NM: Why do you say it made sense?

PS: Well, uh? well, I’ll tell…Well, I’ll give you another anecdote if-You know who Tony Curtis is?

NM: Yes.

PS: Okay, he’s a Jew, okay? From the Bronx. And uh, he was seventeen when the war broke out, and he was gonna sign up when he persuaded his mother to sign, and he describes, at one of our reunions, how he went to sign up, and they had these big recruiting outfits in? at that time. And the first one is a Marine, and the Marine guy calls him over, you know, how ’bout…you wanna sign up? And Tony says…tells me, he says, I wasn’t gonna join the Marines. The Marines is too dangerous, he says to me. And he spoke with a Bronx accent, which I thought was amazing, ’cause in the movies he didn’t. Anyhow, he s’ too dangerous, he says, so I went and I joined the Navy, he said. Which is true, but he volunteered for submarine duty, alright? [NM chuckles] So that’s how people make decisions. And I, I’d like to know how he experienced being a Jew in the Navy, also. But, it was quite clear after a while that everybody had to do their job – to most people – I mean there was some people that were totally uneducable or whatever, there’s not – you know, we have’em today, so… you know, I see them at the viewing of nominations to the Supreme Court. [NM chuckles] Anyhow.

Story Clip #5:

Paul Discusses What People Knew About “the Big Picture” Regarding Concentration Camps

NM: Well I guess a related question is, as a person in the Navy, as a sailor – Did you think of yourself as a sailor? Call yourself a sailor?

PS: Oh yeah.

NM: Okay. As a sailor, did you know what was happening in the big picture of the war? Did…when you were on your destroyer escort, did you know what was happening in the sort of the larger scheme of things, and … say in Germany or in the camps, things like that. Did you know about that? And…

PS: Well we…I’m sorry.

NM: What was that like? If you?

PS: Well we…I had heard about that, before I went into the Navy. And uh, there were …refugees that showed up in Brooklyn who had gotten out of Germany way ahead of time. And …they had heard about this. I mean everybody…anybody who was a…was a Jew had heard about Hitler by then. But they had heard about camps and so on. I don’t know if they knew about you know, crematoria, but they knew there were concentration camps. And uh, as far as? being aware of or not of the big picture while we were at sea…You’d get some news. In fact, Hitler made a speech which somebody picked up and printed out for me on the ship. I don’t think I included that. Uh, you know, so we had heard that kind of stuff. We heard about Stalingrad, but most of it actually… to really answer your question, we didn’t hear about it until we got someplace, either back to the States for repairs or to pick up a convoy. While we were at sea, you didn’t get too much. Obviously, when Roosevelt died, we were told. I think there’s a picture there, the flag at half staff; we were at sea at the time. But we were not all that well-informed until we got back home, or even if we got to some decent port in the Mediterranean. It’s a good question. We really were not that well-informed, now that I think about it. Next reunion I’m gonna ask the guys what they think.
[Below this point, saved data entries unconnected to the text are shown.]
(* Let $S$ be an AG-groupoid with a left identity. If $B_{1}$ and $B_{2}$ are bi-ideals of $S$, then the product $B_{1}B_{2}$ is a bi-ideal of $S$.
   Context: An AG-groupoid is a set $S$ with a binary operation satisfying $(ab)c=(cb)a$ for all $a,b,c\in S$. A left identity is an element $e$ with $ea=a$ for all $a\in S$. For nonempty subsets, $AB=\{ab:a\in A,b\in B\}$. A bi-ideal of $S$ is a nonempty subset $B$ with $BB\subseteq B$ and $(BS)B\subseteq B$. *)

theory Defs
  imports Main
begin

definition AG_groupoid :: "'a set \<Rightarrow> ('a \<Rightarrow> 'a \<Rightarrow> 'a) \<Rightarrow> bool" where
  "AG_groupoid S f \<longleftrightarrow>
     (\<forall>a\<in>S. \<forall>b\<in>S. f a b \<in> S) \<and>
     (\<forall>a\<in>S. \<forall>b\<in>S. \<forall>c\<in>S. f (f a b) c = f (f c b) a)"

definition left_identity :: "'a set \<Rightarrow> ('a \<Rightarrow> 'a \<Rightarrow> 'a) \<Rightarrow> 'a \<Rightarrow> bool" where
  "left_identity S f e \<longleftrightarrow> e \<in> S \<and> (\<forall>a\<in>S. f e a = a)"

definition set_prod :: "('a \<Rightarrow> 'a \<Rightarrow> 'a) \<Rightarrow> 'a set \<Rightarrow> 'a set \<Rightarrow> 'a set" where
  "set_prod f A B = {f a b | a b. a \<in> A \<and> b \<in> B}"

definition bi_ideal :: "'a set \<Rightarrow> ('a \<Rightarrow> 'a \<Rightarrow> 'a) \<Rightarrow> 'a set \<Rightarrow> bool" where
  "bi_ideal S f B \<longleftrightarrow> B \<noteq> {} \<and> B \<subseteq> S \<and>
     set_prod f B B \<subseteq> B \<and> set_prod f (set_prod f B S) B \<subseteq> B"

end

theory Submission
  imports Defs
begin

(* In an AG-groupoid every four elements satisfy the medial law
   (ab)(cd) = (ac)(bd), a consequence of the left invertive law alone.  With a
   left identity e, each element s may be written as es, so the medial law
   also gives (ab)s = (ae)(bs).  For bi-ideals B1, B2 and a, c in B1, b, d in B2:
     (ab)(cd) = (ac)(bd)                 with ac in B1, bd in B2,
     ((ab)s)(cd) = ((ae)(bs))(cd) = ((ae)c)((bs)d)
                                         with (ae)c in B1, (bs)d in B2.
   Hence B1B2 is closed under products and under the bi-ideal condition. *)

lemma AG_closed:
  assumes "AG_groupoid S f" "a \<in> S" "b \<in> S"
  shows "f a b \<in> S"
  using assms unfolding AG_groupoid_def by blast

lemma AG_left_invertive:
  assumes "AG_groupoid S f" "a \<in> S" "b \<in> S" "c \<in> S"
  shows "f (f a b) c = f (f c b) a"
  using assms unfolding AG_groupoid_def by blast

lemma bi_idealD:
  assumes "bi_ideal S f B"
  shows "B \<noteq> {}" "B \<subseteq> S"
    and "\<And>x y. x \<in> B \<Longrightarrow> y \<in> B \<Longrightarrow> f x y \<in> B"
    and "\<And>x s y. x \<in> B \<Longrightarrow> s \<in> S \<Longrightarrow> y \<in> B \<Longrightarrow> f (f x s) y \<in> B"
  using assms unfolding bi_ideal_def set_prod_def by blast+

lemma set_prodI: "a \<in> A \<Longrightarrow> b \<in> B \<Longrightarrow> f a b \<in> set_prod f A B"
  unfolding set_prod_def by blast

lemma set_prodE:
  assumes "z \<in> set_prod f A B"
  obtains a b where "z = f a b" "a \<in> A" "b \<in> B"
  using assms unfolding set_prod_def by blast

lemma AG_medial:
  assumes AG: "AG_groupoid S f" and S: "a \<in> S" "b \<in> S" "c \<in> S" "d \<in> S"
  shows "f (f a b) (f c d) = f (f a c) (f b d)"
proof -
  have "f (f a b) (f c d) = f (f (f c d) b) a"
    using AG_left_invertive[OF AG, of a b "f c d"] AG_closed[OF AG] S by simp
  also have "\<dots> = f (f (f b d) c) a"
    using AG_left_invertive[OF AG, of c d b] S by simp
  also have "\<dots> = f (f a c) (f b d)"
    using AG_left_invertive[OF AG, of "f b d" c a] AG_closed[OF AG] S by simp
  finally show ?thesis .
qed

lemma AG_left_identity_split:
  assumes AG: "AG_groupoid S f" and e: "left_identity S f e"
    and S: "a \<in> S" "b \<in> S" "s \<in> S"
  shows "f (f a b) s = f (f a e) (f b s)"
proof -
  have "e \<in> S" "f e s = s" using e S unfolding left_identity_def by auto
  then have "f (f a b) s = f (f a b) (f e s)" by simp
  also have "\<dots> = f (f a e) (f b s)" using AG_medial[OF AG] S \<open>e \<in> S\<close> by blast
  finally show ?thesis .
qed

(* The product of two bi-ideals is closed under multiplication:
   (ab)(cd) = (ac)(bd) with ac \<in> B1 and bd \<in> B2. *)
lemma bi_ideal_prod_mult_closed:
  assumes AG: "AG_groupoid S f" and "bi_ideal S f B1" "bi_ideal S f B2"
  shows "set_prod f (set_prod f B1 B2) (set_prod f B1 B2) \<subseteq> set_prod f B1 B2"
proof -
  note B1 = bi_idealD[OF assms(2)] and B2 = bi_idealD[OF assms(3)]
  have "f (f a b) (f c d) \<in> set_prod f B1 B2"
    if "a \<in> B1" "b \<in> B2" "c \<in> B1" "d \<in> B2" for a b c d
  proof -
    have "f (f a b) (f c d) = f (f a c) (f b d)"
      using AG_medial[OF AG] that B1(2) B2(2) by blast
    then show ?thesis using that B1(3) B2(3) set_prodI by metis
  qed
  then show ?thesis by (auto elim!: set_prodE)
qed

(* The product of two bi-ideals satisfies the bi-ideal sandwich condition:
   ((ab)s)(cd) = ((ae)(bs))(cd) = ((ae)c)((bs)d), with (ae)c \<in> B1 and
   (bs)d \<in> B2.  This is where the left identity is needed. *)
lemma bi_ideal_prod_sandwich_closed:
  assumes AG: "AG_groupoid S f" and e: "left_identity S f e"
    and "bi_ideal S f B1" "bi_ideal S f B2"
  shows "set_prod f (set_prod f (set_prod f B1 B2) S) (set_prod f B1 B2) \<subseteq> set_prod f B1 B2"
proof -
  note B1 = bi_idealD[OF assms(3)] and B2 = bi_idealD[OF assms(4)]
  have eS: "e \<in> S" using e unfolding left_identity_def by blast
  have "f (f (f a b) s) (f c d) \<in> set_prod f B1 B2"
    if "a \<in> B1" "b \<in> B2" "s \<in> S" "c \<in> B1" "d \<in> B2" for a b s c d
  proof -
    have S: "a \<in> S" "b \<in> S" "c \<in> S" "d \<in> S" using that B1(2) B2(2) by auto
    have "f (f (f a b) s) (f c d) = f (f (f a e) (f b s)) (f c d)"
      using AG_left_identity_split[OF AG e] S \<open>s \<in> S\<close> by simp
    also have "\<dots> = f (f (f a e) c) (f (f b s) d)"
      using AG_medial[OF AG, of "f a e" "f b s" c d] AG_closed[OF AG] S eS \<open>s \<in> S\<close>
      by simp
    finally show ?thesis using that eS B1(4) B2(4) set_prodI by metis
  qed
  then show ?thesis by (auto elim!: set_prodE)
qed

theorem proposition2:
  fixes S :: "'a set" and f :: "'a \<Rightarrow> 'a \<Rightarrow> 'a" and e :: 'a
  assumes "AG_groupoid S f"
    and "left_identity S f e"
    and "bi_ideal S f B1"
    and "bi_ideal S f B2"
  shows "bi_ideal S f (set_prod f B1 B2)"
proof -
  note B1 = bi_idealD[OF assms(3)] and B2 = bi_idealD[OF assms(4)]
  have "set_prod f B1 B2 \<noteq> {}"
    using B1(1) B2(1) unfolding set_prod_def by blast
  moreover have "set_prod f B1 B2 \<subseteq> S"
    using B1(2) B2(2) AG_closed[OF assms(1)] unfolding set_prod_def by blast
  ultimately show ?thesis
    unfolding bi_ideal_def
    using bi_ideal_prod_mult_closed[OF assms(1,3,4)]
      bi_ideal_prod_sandwich_closed[OF assms] by blast
qed

end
NM: It could be interesting to know what people knew?

PS: Yeah.

NM: …or thought about. What did you think…I don’t know how too ask this. I don’t want it to come out sounding disrespectful, so I’m trying to – you understand I’m working without my list of questions. Um, but what did you, when you were on the ship, what did you think you were doing? You were paying attention to the mission at hand, or to the days’ work at hand and your particular thing-you were an engineer, and you were keeping things running…but did you know what…I mean, did you know what sort of…your mission…your larger mission was?
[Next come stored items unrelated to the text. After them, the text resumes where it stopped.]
lemma renyi_term_rnm_prob_le:
  fixes p :: "real \<Rightarrow> real" and c c' :: "nat \<Rightarrow> real" and B :: ennreal
  assumes a: "a > 1"
    and p_meas[measurable]: "p \<in> borel_measurable borel" and p_nonneg: "\<And>x. p x \<ge> 0"
    and p_int: "(\<integral>\<^sup>+x. ennreal (p x) \<partial>lborel) = 1"
    and shift: "\<And>s s'. \<bar>s - s'\<bar> \<le> 2 \<Longrightarrow> (\<integral>\<^sup>+u. renyi_term a (p (u + s)) (p (u + s')) \<partial>lborel) \<le> B"
    and close: "\<And>i. i < k \<Longrightarrow> \<bar>c i - c' i\<bar> \<le> 1" and j: "j < k"
  shows "renyi_term a (rnm_prob k p c j) (rnm_prob k p c' j) \<le> B"
proof (cases "k = 1")
  case True
  interpret prob_space "noise k p"
    unfolding noise_def by (rule prob_space_PiM, rule prob_space_pdf_measure[OF p_meas p_int])
  have "argmax_idx k v = j" for v
    using True j argmax_idx_eq_iff[OF j, of v] by simp
  then have "rnm_prob k p cc j = 1" for cc
    by (simp add: rnm_prob_def prob_space)
  moreover have "1 \<le> B"
    using shift[of 0 0] p_nonneg p_int by (simp add: renyi_term_same)
  ultimately show ?thesis
    by (simp add: renyi_term_same)
next
  case False
  define I where "I = {..<k} - {j}"
  define T where "T cc x = Max ((\<lambda>i. cc i + x i) ` I) - cc j" for cc x :: "nat \<Rightarrow> real"
  let ?M = "PiM I (\<lambda>_. pdf_measure p)"
  have "(if j = 0 then 1 else 0) \<in> I"
    using j False unfolding I_def by auto
  then have I: "finite I" "I \<noteq> {}"
    unfolding I_def by auto
  have "(\<lambda>x. x i) \<in> borel_measurable ?M" if "i \<in> I" for i
    using measurable_component_singleton[OF that, of "\<lambda>_. pdf_measure p"] by simp
  then have T_meas: "T cc \<in> borel_measurable ?M" for cc
    unfolding T_def using I by measurable
  have T_close: "\<bar>T c x - T c' x\<bar> \<le> 2" for x
  proof -
    have "Max ((\<lambda>i. c i + x i) ` I) \<le> Max ((\<lambda>i. c' i + x i) ` I) + 1"
      and "Max ((\<lambda>i. c' i + x i) ` I) \<le> Max ((\<lambda>i. c i + x i) ` I) + 1"
      by (rule Max_image_le_Max_image_add; use close I in \<open>force simp: I_def abs_le_iff\<close>)+
    then show ?thesis
      using close[OF j] unfolding T_def by linarith
  qed
  have rnm_prob_eq: "rnm_prob k p cc j = enn2real (\<integral>\<^sup>+x. emeasure (pdf_measure p) {T cc x<..} \<partial>?M)" for cc
    using False j emeasure_noise_argmax[of p j k cc] p_int unfolding rnm_prob_def measure_def T_def I_def by simp
  have "prob_space ?M"
    by (rule prob_space_PiM, rule prob_space_pdf_measure[OF p_meas p_int])
  then show ?thesis
    unfolding rnm_prob_eq
    by (rule renyi_term_tail_mixture_le[OF a _ p_meas p_nonneg p_int T_meas T_meas T_close shift])
qed

theorem mainTheorem2:
  fixes m :: nat and p :: "real \<Rightarrow> real" and eps_g :: "real \<Rightarrow> real"
  assumes m2: "m \<ge> 2"
    and p_meas: "p \<in> borel_measurable borel"
    and p_nonneg: "\<And>x. p x \<ge> 0"
    and p_int: "(\<integral>\<^sup>+ x. ennreal (p x) \<partial>lborel) = 1"
    and rdp: "\<And>\<alpha> f D D'. \<alpha> > 1 \<Longrightarrow> sensitivity_le m f 2 \<Longrightarrow> neighboring m D D' \<Longrightarrow>
       renyi_div_dens \<alpha> (additive_out_density p f D) (additive_out_density p f D')
         \<le> ereal (eps_g \<alpha>)"
  shows "\<forall>D D' \<alpha>. neighboring m D D' \<and> \<alpha> > 1 \<longrightarrow>
     renyi_div_disc \<alpha> (m - 1) (rnm_gap_prob m p D) (rnm_gap_prob m p D')
       \<le> ereal (eps_g \<alpha> + ln (real m) / (\<alpha> - 1))"
proof (intro allI impI, elim conjE)
  fix D D' and a :: real
  assume nb: "neighboring m D D'" and a: "a > 1"
  define B where "B = exp ((a - 1) * eps_g a)"
  have "renyi_term a (rnm_gap_prob m p D j) (rnm_gap_prob m p D' j) \<le> ennreal B" if "j < m - 1" for j
    using renyi_term_rnm_prob_le[OF a p_meas p_nonneg p_int shift_moment_le[OF rdp a] _ that]
      gap_neighboring[OF nb]
    unfolding rnm_gap_prob_def rnm_prob_def B_def by simp
  then have "(\<Sum>j<m - 1. renyi_term a (rnm_gap_prob m p D j) (rnm_gap_prob m p D' j))
      \<le> (\<Sum>j<m - 1. ennreal B)"
    by (intro sum_mono) simp
  also have "\<dots> = ennreal (real (m - 1) * B)"
    unfolding B_def by (simp add: ennreal_mult ennreal_of_nat_eq_real_of_nat)
  also have "\<dots> \<le> ennreal (real m * B)"
    unfolding B_def by (intro ennreal_leI mult_right_mono) auto
  finally show "renyi_div_disc a (m - 1) (rnm_gap_prob m p D) (rnm_gap_prob m p D')
      \<le> ereal (eps_g a + ln (real m) / (a - 1))"
    unfolding renyi_div_disc_def B_def using a m2 by (intro renyi_of_moment_le_of_moment_le) auto
qed

end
PS: Well, we knew that generally, the mission was to protect the ships that we were escorting. I mean that’s what we’re there for.

NM: Yes.

PS: And you know, just standing on watch, practicing, you know, getting to your battle station on time. That was all part of the preparation…But we were there to protect those ships. And we did.

Story Clip #6:

Paul Discusses the Battle of the UGS 40

PS: One of the uh…I don’t want to deal with a war story particularly. Well, one of the, one of the convoys that we brought in this was in the Mediterranean, was about…consisted of about sixty-five ships and about fifteen escorts which is a pretty heavy escort. And as we proceeded into the Mediterranean, two free French destroyers joined us, okay. So we, we figured if they’re really beefing it up, we’re gonna be in for something. And we were. In fact, this action was so successful on our part, that it made the, the history books. The History of the United States Navy in World War II has the story of this battle and the names of the ships that took place.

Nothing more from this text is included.